lemma Q_pos_def: "\<forall>v\<in>carrier_vec n. v \<noteq> 0\<^sub>v n \<longrightarrow> v \<bullet> (Q *\<^sub>v v) > 0"
  using theta_ThetaPlus Q_carrier unfolding ThetaPlus_def pos_def_mat_def by auto

lemma K_inverse: "K \<in> carrier_mat n n \<and> Q * K = 1\<^sub>m n \<and> K * Q = 1\<^sub>m n"
  by (rule minv_pos_def[OF Q_carrier Q_pos_def])

lemma K_carrier: "K \<in> carrier_mat n n" using K_inverse by simp

lemma Q_index: "i < n \<Longrightarrow> j < n \<Longrightarrow> Q $$ (i,j) = (if i = j then 1 else 0) - circ p \<theta> i j"
  by (rule IminusC_index)

lemma S_carrier: "S \<in> carrier_mat n n" using K_carrier unfolding CovS_def by simp

lemma S_index: "i < n \<Longrightarrow> j < n \<Longrightarrow> S $$ (i,j) = s2 * K $$ (i,j)"
  using K_carrier unfolding CovS_def by simp

lemma S_sym: "i < n \<Longrightarrow> j < n \<Longrightarrow> S $$ (j,i) = S $$ (i,j)"
  using inverse_mat_symmetric[OF Q_carrier K_carrier _ _ , of j i] K_inverse
    circ_sym[OF theta_Theta p_pos] by (simp add: Q_index S_index)

lemma S_index_map:
  assumes G: "\<And>x. x \<in> Lam p \<Longrightarrow> g x \<in> Lam p" and inj: "inj_on g (Lam p)"
    and \<theta>_g: "\<And>x y. x \<in> Lam p \<Longrightarrow> y \<in> Lam p \<Longrightarrow> \<theta> (tdiff p (g x) (g y)) = \<theta> (tdiff p x y)"
    and rs: "r < n" "s < n"
  shows "S $$ (index_map p g r, index_map p g s) = S $$ (r,s)"
proof -
  have \<pi>: "bij_betw (index_map p g) {..<n} {..<n}" by (rule bij_betw_index_map[OF G inj])
  hence less: "\<And>r. r < n \<Longrightarrow> index_map p g r < n" and eq: "\<And>r s. r < n \<Longrightarrow> s < n \<Longrightarrow> index_map p g r = index_map p g s \<longleftrightarrow> r = s"
    unfolding bij_betw_def inj_on_def by auto
  have "Q $$ (index_map p g r, index_map p g s) = Q $$ (r,s)" if "r < n" "s < n" for r s
    using that less eq circ_index_map[OF G \<theta>_g] by (simp add: Q_index)
  hence "K $$ (index_map p g r, index_map p g s) = K $$ (r,s)"
    using inverse_mat_permute[OF Q_carrier K_carrier _ _ \<pi> _ rs] K_inverse by blast
  thus ?thesis using rs less by (simp add: S_index)
qed

lemma K_pos_def: assumes v: "v \<in> carrier_vec n" "v \<noteq> 0\<^sub>v n" shows "v \<bullet> (K *\<^sub>v v) > 0"
proof -
  define w where "w = K *\<^sub>v v"
  have w: "w \<in> carrier_vec n" unfolding w_def using K_carrier v by simp
  have Qw: "Q *\<^sub>v w = v" unfolding w_def
    using assoc_mult_mat_vec[OF Q_carrier K_carrier v(1), symmetric] K_inverse v(1) by simp
  have "w \<noteq> 0\<^sub>v n"
  proof
    assume "w = 0\<^sub>v n"
    hence "Q *\<^sub>v w = 0\<^sub>v n" using Q_carrier by (intro eq_vecI) auto
    thus False using Qw v by simp
  qed
  hence "w \<bullet> v > 0" using Q_pos_def w Qw by metis
  thus ?thesis unfolding w_def using comm_scalar_prod[OF v(1) w] w_def by simp
qed

lemma qform_S_pos: assumes "r < n" "x r \<noteq> 0" shows "qform n S x x > 0"
proof -
  have "vec n x \<noteq> 0\<^sub>v n" using assms by (metis index_vec index_zero_vec(1))
  hence "vec n x \<bullet> (K *\<^sub>v vec n x) > 0" using K_pos_def by simp
  moreover have "qform n S x x = s2 * qform n K x x"
    unfolding qform_def by (simp add: S_index sum_distrib_left mult.assoc mult.left_commute)
  ultimately show ?thesis using s2_pos by (simp add: qform_eq_scalar_prod[OF K_carrier])
qed

lemma qform_S_nonneg: "qform n S x x \<ge> 0"
  using qform_S_pos[of _ x] unfolding qform_def by (cases "\<exists>r<n. x r \<noteq> 0") (auto intro: less_imp_le)

lemma qform_S_commute: "qform n S x y = qform n S y x"
  by (rule qform_commute, rule S_sym)

lemma gamma_eq_qform: "gamma p s2 \<theta> t = qform n S (contrast_vec p t) (contrast_vec p t)"
proof -
  have "vecz p (\<lambda>x. if x = (0,0) then 1 else - t x) = vec n (contrast_vec p t)"
    unfolding vecz_def contrast_vec_def using div_mod_eq_zero_iff[OF p_pos] by (intro eq_vecI) auto
  thus ?thesis unfolding gamma_def Let_def using qform_eq_scalar_prod[OF S_carrier] by simp
qed

lemma m_subset: "m \<subseteq> Lam p - {(0,0)}"
  using m_M1 unfolding M1_def mball_def by auto

abbreviation "M \<equiv> (\<lambda>(i,j). i*p+j) ` m"

lemma M_less: "r \<in> M \<Longrightarrow> r < n"
  using m_subset vec_index_less by auto

lemma mem_M_iff: "r < n \<Longrightarrow> r \<in> M \<longleftrightarrow> (r div p, r mod p) \<in> m"
proof
  assume "r \<in> M"
  then obtain i j where ij: "(i,j) \<in> m" "r = i*p+j" by auto
  hence "(i,j) \<in> Lam p" using m_subset by auto
  thus "(r div p, r mod p) \<in> m" using ij vec_index_div_mod by simp
next
  assume "(r div p, r mod p) \<in> m"
  moreover have "r = (r div p) * p + r mod p" by simp
  ultimately show "r \<in> M" by (metis (no_types, lifting) case_prod_conv image_eqI)
qed

lemma zero_notin_M: "0 \<notin> M"
  using mem_M_iff[of 0] m_subset p_pos by auto

lemma finite_M: "finite M"
  using M_less by (meson finite_lessThan finite_subset lessThan_iff subsetI)

abbreviation "k \<equiv> card M"

text \<open>Submatrices of \<open>S\<close> are indexed through \<open>pick\<close>; \<open>lift\<close> is the inverse passage from
  coordinates on \<open>M\<close> back to vectors of length \<open>n\<close>.\<close>

lemma inj_on_pick: "inj_on (pick M) {..<k}"
  using pick_mono_le by (intro inj_onI) (metis lessThan_iff linorder_neqE_nat less_irrefl)

lemma pick_image: "pick M ` {..<k} = M"
proof -
  have "pick M ` {..<k} \<subseteq> M" using pick_in_set_le by auto
  moreover have "card (pick M ` {..<k}) = k" using card_image[OF inj_on_pick] by simp
  ultimately show ?thesis using finite_M by (simp add: card_subset_eq)
qed

lemma pick_less: "a < k \<Longrightarrow> pick M a < n" using pick_in_set_le M_less by blast

definition lift :: "(nat \<Rightarrow> real) \<Rightarrow> nat \<Rightarrow> real" where
  "lift x r = (\<Sum>a<k. if pick M a = r then x a else 0)"

lemma sum_lift_mult: "(\<Sum>r<n. lift x r * f r) = (\<Sum>a<k. x a * f (pick M a))"
proof -
  have "(\<Sum>r<n. lift x r * f r) = (\<Sum>r<n. \<Sum>a<k. if pick M a = r then x a * f r else 0)"
    unfolding lift_def sum_distrib_right by (rule sum.cong) (auto intro: sum.cong)
  also have "\<dots> = (\<Sum>a<k. \<Sum>r<n. if pick M a = r then x a * f r else 0)" by (rule sum.swap)
  also have "\<dots> = (\<Sum>a<k. x a * f (pick M a))" by (rule sum.cong[OF refl]) (simp add: pick_less)
  finally show ?thesis .
qed

lemma lift_pick: "a < k \<Longrightarrow> lift x (pick M a) = x a"
proof -
  assume a: "a < k"
  have "lift x (pick M a) = (\<Sum>a'<k. if a' = a then x a' else 0)"
    unfolding lift_def using inj_on_pick a by (intro sum.cong refl) (auto dest: inj_onD)
  thus ?thesis using a by simp
qed

lemma lift_outside: "r \<notin> M \<Longrightarrow> lift x r = 0"
  unfolding lift_def using pick_in_set_le by (auto intro!: sum.neutral)

abbreviation "T \<equiv> submatrix S M M"
abbreviation "U \<equiv> submatrix S M {0}"
abbreviation "W \<equiv> minv T * U"

lemma card_rows_cols:
  "card {i. i < dim_row S \<and> i \<in> M} = k" "card {i. i < dim_col S \<and> i \<in> M} = k"
  "card {i. i < dim_row S \<and> i \<in> {0::nat}} = 1" "card {i. i < dim_col S \<and> i \<in> {0::nat}} = 1"
proof -
  have "{i. i < dim_row S \<and> i \<in> M} = M" "{i. i < dim_col S \<and> i \<in> M} = M"
    "{i. i < dim_row S \<and> i \<in> {0::nat}} = {0}" "{i. i < dim_col S \<and> i \<in> {0::nat}} = {0}"
    using S_carrier M_less p_pos by auto
  thus "card {i. i < dim_row S \<and> i \<in> M} = k" "card {i. i < dim_col S \<and> i \<in> M} = k"
    "card {i. i < dim_row S \<and> i \<in> {0::nat}} = 1" "card {i. i < dim_col S \<and> i \<in> {0::nat}} = 1"
    by auto
qed

lemma T_carrier: "T \<in> carrier_mat k k"
  using card_rows_cols unfolding submatrix_def by simp

lemma T_index: "a < k \<Longrightarrow> c < k \<Longrightarrow> T $$ (a,c) = S $$ (pick M a, pick M c)"
  using submatrix_index[of a S M c M] card_rows_cols by simp

lemma U_carrier: "U \<in> carrier_mat k 1"
  using card_rows_cols unfolding submatrix_def by simp

lemma U_index: "a < k \<Longrightarrow> U $$ (a,0) = S $$ (pick M a, 0)"
  using submatrix_index[of a S M 0 "{0}"] card_rows_cols by simp

lemma qform_S_lift:
  "qform n S (lift x) (lift y) = (\<Sum>a<k. \<Sum>c<k. x a * S $$ (pick M a, pick M c) * y c)"
proof -
  have "qform n S (lift x) (lift y) = (\<Sum>r<n. lift x r * (\<Sum>s<n. lift y s * S $$ (r,s)))"
    unfolding qform_def by (simp add: sum_distrib_left mult.commute mult.left_commute)
  also have "\<dots> = (\<Sum>a<k. x a * (\<Sum>c<k. y c * S $$ (pick M a, pick M c)))"
    by (simp add: sum_lift_mult)
  finally show ?thesis by (simp add: sum_distrib_left mult.commute mult.left_commute)
qed

lemma T_pos_def: "\<forall>v\<in>carrier_vec k. v \<noteq> 0\<^sub>v k \<longrightarrow> v \<bullet> (T *\<^sub>v v) > 0"
proof (intro ballI impI)
  fix v :: "real vec" assume v: "v \<in> carrier_vec k" "v \<noteq> 0\<^sub>v k"
  then obtain a where a: "a < k" "v $ a \<noteq> 0" by (metis eq_vecI carrier_vecD index_zero_vec)
  have "v \<bullet> (T *\<^sub>v v) = qform n S (lift (\<lambda>a. v $ a)) (lift (\<lambda>a. v $ a))"
    by (simp add: scalar_prod_mult_mat_vec_sum[OF T_carrier v(1) v(1)] qform_S_lift T_index)
  also have "\<dots> > 0"
    by (rule qform_S_pos[of "pick M a"]) (use a in \<open>auto simp: pick_less lift_pick\<close>)
  finally show "v \<bullet> (T *\<^sub>v v) > 0" .
qed

lemma minv_T: "minv T \<in> carrier_mat k k \<and> T * minv T = 1\<^sub>m k \<and> minv T * T = 1\<^sub>m k"
  by (rule minv_pos_def[OF T_carrier T_pos_def])

lemma W_carrier: "W \<in> carrier_mat k 1" using minv_T U_carrier by auto

lemma T_mult_W: "T * W = U"
  using assoc_mult_mat[OF T_carrier _ U_carrier, of "minv T"] minv_T U_carrier by simp

text \<open>The regression coefficients: \<open>bvec\<close> is \<open>\<Sigma>\<^sub>M\<^sub>M\<^sup>-\<^sup>1 \<Sigma>\<^sub>M\<^sub>0\<close> padded by zeros, and
  \<open>beta\<close> is the same vector read as an array on the torus.\<close>

definition bvec :: "nat \<Rightarrow> real" where "bvec = lift (\<lambda>a. W $$ (a,0))"

definition beta :: "nat \<times> nat \<Rightarrow> real" where
  "beta x = (if x \<in> m then bvec (fst x * p + snd x) else 0)"

lemma bvec_outside: "r \<notin> M \<Longrightarrow> bvec r = 0" unfolding bvec_def by (rule lift_outside)

lemma bvec_zero: "bvec 0 = 0" using bvec_outside zero_notin_M by simp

........

▶ _Required work_
Restate the listing word for word, but only from its first line through the line with "K = 1\<^sub>m", keeping both end lines.

▶ _Solution to the problem_
lemma Q_pos_def: "\<forall>v\<in>carrier_vec n. v \<noteq> 0\<^sub>v n \<longrightarrow> v \<bullet> (Q *\<^sub>v v) > 0"
  using theta_ThetaPlus Q_carrier unfolding ThetaPlus_def pos_def_mat_def by auto

lemma K_inverse: "K \<in> carrier_mat n n \<and> Q * K = 1\<^sub>m n \<and> K * Q = 1\<^sub>m n"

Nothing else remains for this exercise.